Study of Lenacapavir Taken Twice a Year for HIV Pre-Exposure Prophylaxis (PrEP)

Phase 2

Recruiting

• Conditions: Pre-Exposure Prophylaxis of HIV Infection
• Interventions: Drug: Lenacapavir Injection; Drug: Emtricitabine/tenofovir disoproxil fumarate (F/TDF); Drug: Lenacapavir Tablet

• Registration Number: NCT06513312
• Lead Sponsor: Gilead Sciences

Brief Summary

The goals of this clinical study are to learn more about the study drug lenacapavir (LEN), by comparing the consistent and continuous use of LEN and emtricitabine/tenofovir disoproxil fumarate (coformulated; Truvada®) (F/TDF), then by observing the safety of LEN and F/TDF, evaluating the acceptability of LEN injections and oral F/TDF, and observe how LEN moves throughout the body in people who would benefit from pre-exposure prophylaxis (PrEP).
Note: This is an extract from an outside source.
(* Let $X_A, X_B, X_M$ be finite sets and let the notepads and the mailbox be purely classical: $\mathcal{A}=\mathcal{C}(X_A)$, $\mathcal{B}=\mathcal{C}(X_B)$, $\mathcal{M}=\mathcal{C}(X_M)$. Then for every $\epsilon<\tfrac12$ there is no pair of strategies $(\sigma_A,\sigma_B)\in\Sigma_A(\mathcal{A},\mathcal{M})\times\Sigma_B(\mathcal{B},\mathcal{M})$ which is a weak coin tossing protocol with bias $\epsilon$ (and consequently none which is a strong coin tossing protocol with bias $\epsilon$).
   Context: Observable algebras. For a finite set $X=\{1,\dots,n\}$, $\mathcal{C}(X)\subset\mathcal{B}(\mathbb{C}^n)$ denotes the algebra of operators diagonal in a fixed orthonormal basis $\{|x\rangle\}_{x\in X}$ (a classical system). A (finite-dimensional) observable algebra is an algebra of the form $\mathcal{B}(\mathcal{H})\otimes\mathcal{C}(X)$ with $\mathcal{H}$ finite-dimensional and $X$ finite (quantum if $X$ is a singleton, classical if $\dim\mathcal{H}=1$, hybrid otherwise), viewed as a subalgebra of $\mathcal{B}(\mathcal{H}\otimes\mathbb{C}^{|X|})$. States of a system with observable algebra $\mathcal{A}$ are density operators (positive, trace one) belonging to $\mathcal{A}$. Operations are completely positive trace-preserving linear maps between observable algebras. An observable with outcomes in a finite set $Y$ on $\mathcal{A}$ is a family $(E^{(y)})_{y\in Y}$ of positive elements of $\mathcal{A}$ summing to $\mathbb{1}$. Protocol framework. Fix an even number $N$ of rounds. Alice has a private algebra $\mathcal{A}$, Bob a private algebra $\mathcal{B}$, and both share a public "mailbox" algebra $\mathcal{M}$. A strategy of Alice is a tuple $\sigma_A=(\rho_A^{(0)};T_A^{(2)},T_A^{(4)},\dots,T_A^{(N)};E_A)$ where $\rho_A^{(0)}$ is a state on $\mathcal{A}\otimes\mathcal{M}$, each $T_A^{(j)}:\mathcal{A}\otimes\mathcal{M}\to\mathcal{A}\otimes\mathcal{M}$ is an operation, and $E_A=(E_A^{(0)},E_A^{(1)},E_A^{(\emptyset)})$ is an observable on $\mathcal{A}$ with outcomes $\{0,1,\emptyset\}$. A strategy of Bob is $\sigma_B=(\rho_B^{(0)};T_B^{(1)},T_B^{(3)},\dots,T_B^{(N-1)};E_B)$ with $\rho_B^{(0)}$ a state on $\mathcal{B}$, operations $T_B^{(k)}:\mathcal{M}\otimes\mathcal{B}\to\mathcal{M}\otimes\mathcal{B}$ and an observable $E_B=(E_B^{(0)},E_B^{(1)},E_B^{(\emptyset)})$ on $\mathcal{B}$. The sets of such strategies are denoted $\Sigma_A(\mathcal{A},\mathcal{M})$ and $\Sigma_B(\mathcal{B},\mathcal{M})$. Given $\sigma_A,\sigma_B$, set $\rho^{(0)}=\rho_A^{(0)}\otimes\rho_B^{(0)}$ on $\mathcal{A}\otimes\mathcal{M}\otimes\mathcal{B}$ and $\rho^{(N)}=(T_A^{(N)}\otimes\mathrm{Id}_{\mathcal{B}})(\mathrm{Id}_{\mathcal{A}}\otimes T_B^{(N-1)})\cdots(T_A^{(2)}\otimes\mathrm{Id}_{\mathcal{B}})(\mathrm{Id}_{\mathcal{A}}\otimes T_B^{(1)})\rho^{(0)}$, and for $a,b\in\{0,1,\emptyset\}$ define $\mathbb{P}(\sigma_A,\sigma_B;a,b)=\operatorname{tr}[(E_A^{(a)}\otimes\mathbb{1}\otimes E_B^{(b)})\rho^{(N)}]$. Definitions. A pair $(\sigma_A,\sigma_B)\in\Sigma_A(\mathcal{A},\mathcal{M})\times\Sigma_B(\mathcal{B},\mathcal{M})$ is a (strong) coin tossing protocol with bias $\epsilon\in[0,1/2]$ if (i) $\mathbb{P}(\sigma_A,\sigma_B;0,0)=\mathbb{P}(\sigma_A,\sigma_B;1,1)=1/2$; (ii) for every finite-dimensional observable algebra $\mathcal{R}$, every $\sigma_A'\in\Sigma_A(\mathcal{R},\mathcal{M})$ and every $x\in\{0,1\}$, $\mathbb{P}(\sigma_A',\sigma_B;x,x)\le 1/2+\epsilon$; (iii) for every finite-dimensional observable algebra $\mathcal{R}$, every $\sigma_B'\in\Sigma_B(\mathcal{R},\mathcal{M})$ and every $x\in\{0,1\}$, $\mathbb{P}(\sigma_A,\sigma_B';x,x)\le1/2+\epsilon$. It is a weak coin tossing protocol with bias $\epsilon$ if (i) holds and, for every finite-dimensional observable algebra $\mathcal{R}$, $\mathbb{P}(\sigma_A',\sigma_B;0,0)\le1/2+\epsilon$ for all $\sigma_A'\in\Sigma_A(\mathcal{R},\mathcal{M})$ and $\mathbb{P}(\sigma_A,\sigma_B';1,1)\le1/2+\epsilon$ for all $\sigma_B'\in\Sigma_B(\mathcal{R},\mathcal{M})$. *)

theory Defs
  imports Complex_Main
begin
The primary objective of this study is to compare LEN and F/TDF consistent and continuous use among people who would benefit from PrEP.

Detailed Description

Not available

Study Timeline

• Study First Submitted: 2024-07-16
• Study First Submitted QC: 2024-07-16
• Study First Posted: 2024-07-22
• Study Start: 2024-10-07
• Status Verified: 2025-02
• Last Update Submitted: 2025-02-11
• Last Update Posted: 2025-02-13
• Primary Completion: 2027-01
• Study Completion: 2029-07

Recruitment & Eligibility

• Status: RECRUITING
• Sex: All
• Target Recruitment: 262

Inclusion Criteria

• Able to comprehend and provide a signed written informed consent, which must be obtained prior to initiation of study procedures.

• Cisgender men who have sex with men, transgender women, transgender men, cisgender women, and nonbinary people.

• Increased likelihood of HIV acquisition as indicated by at least one of the following:

  1. Condomless sex with ≥ 2 partners in the past 6 months
  2. Diagnosis of a bacterial sexually transmitted infection (STI) in the past 12 months
  3. Engagement in sex work or transactional sex in the past 12 months
  4. Use of ≥ 2 courses of nonoccupational HIV post-exposure prophylaxis (nPEP) in the past 12 months
  5. Condomless sex with a partner living with HIV who has unknown or unsuppressed viral load (≥ 200 copies/mL) in the past 12 months

• Negative local rapid HIV-1/2 antibody (Ab)/antigen (Ag) test, central HIV-1/2 Ab/Ag, and HIV-1 RNA quantitative nucleic acid amplification testing (NAAT) at screening.

  1. If rapid HIV-1/2 Ab/Ag tests are unavailable due to extenuating circumstances, sites may run a laboratory-instrumented HIV-1/2 Ab/Ag test at their local laboratory, only if they confirm this is a fourth-generation assay and the time from blood draw to injection at any injection visit is < 48 hours.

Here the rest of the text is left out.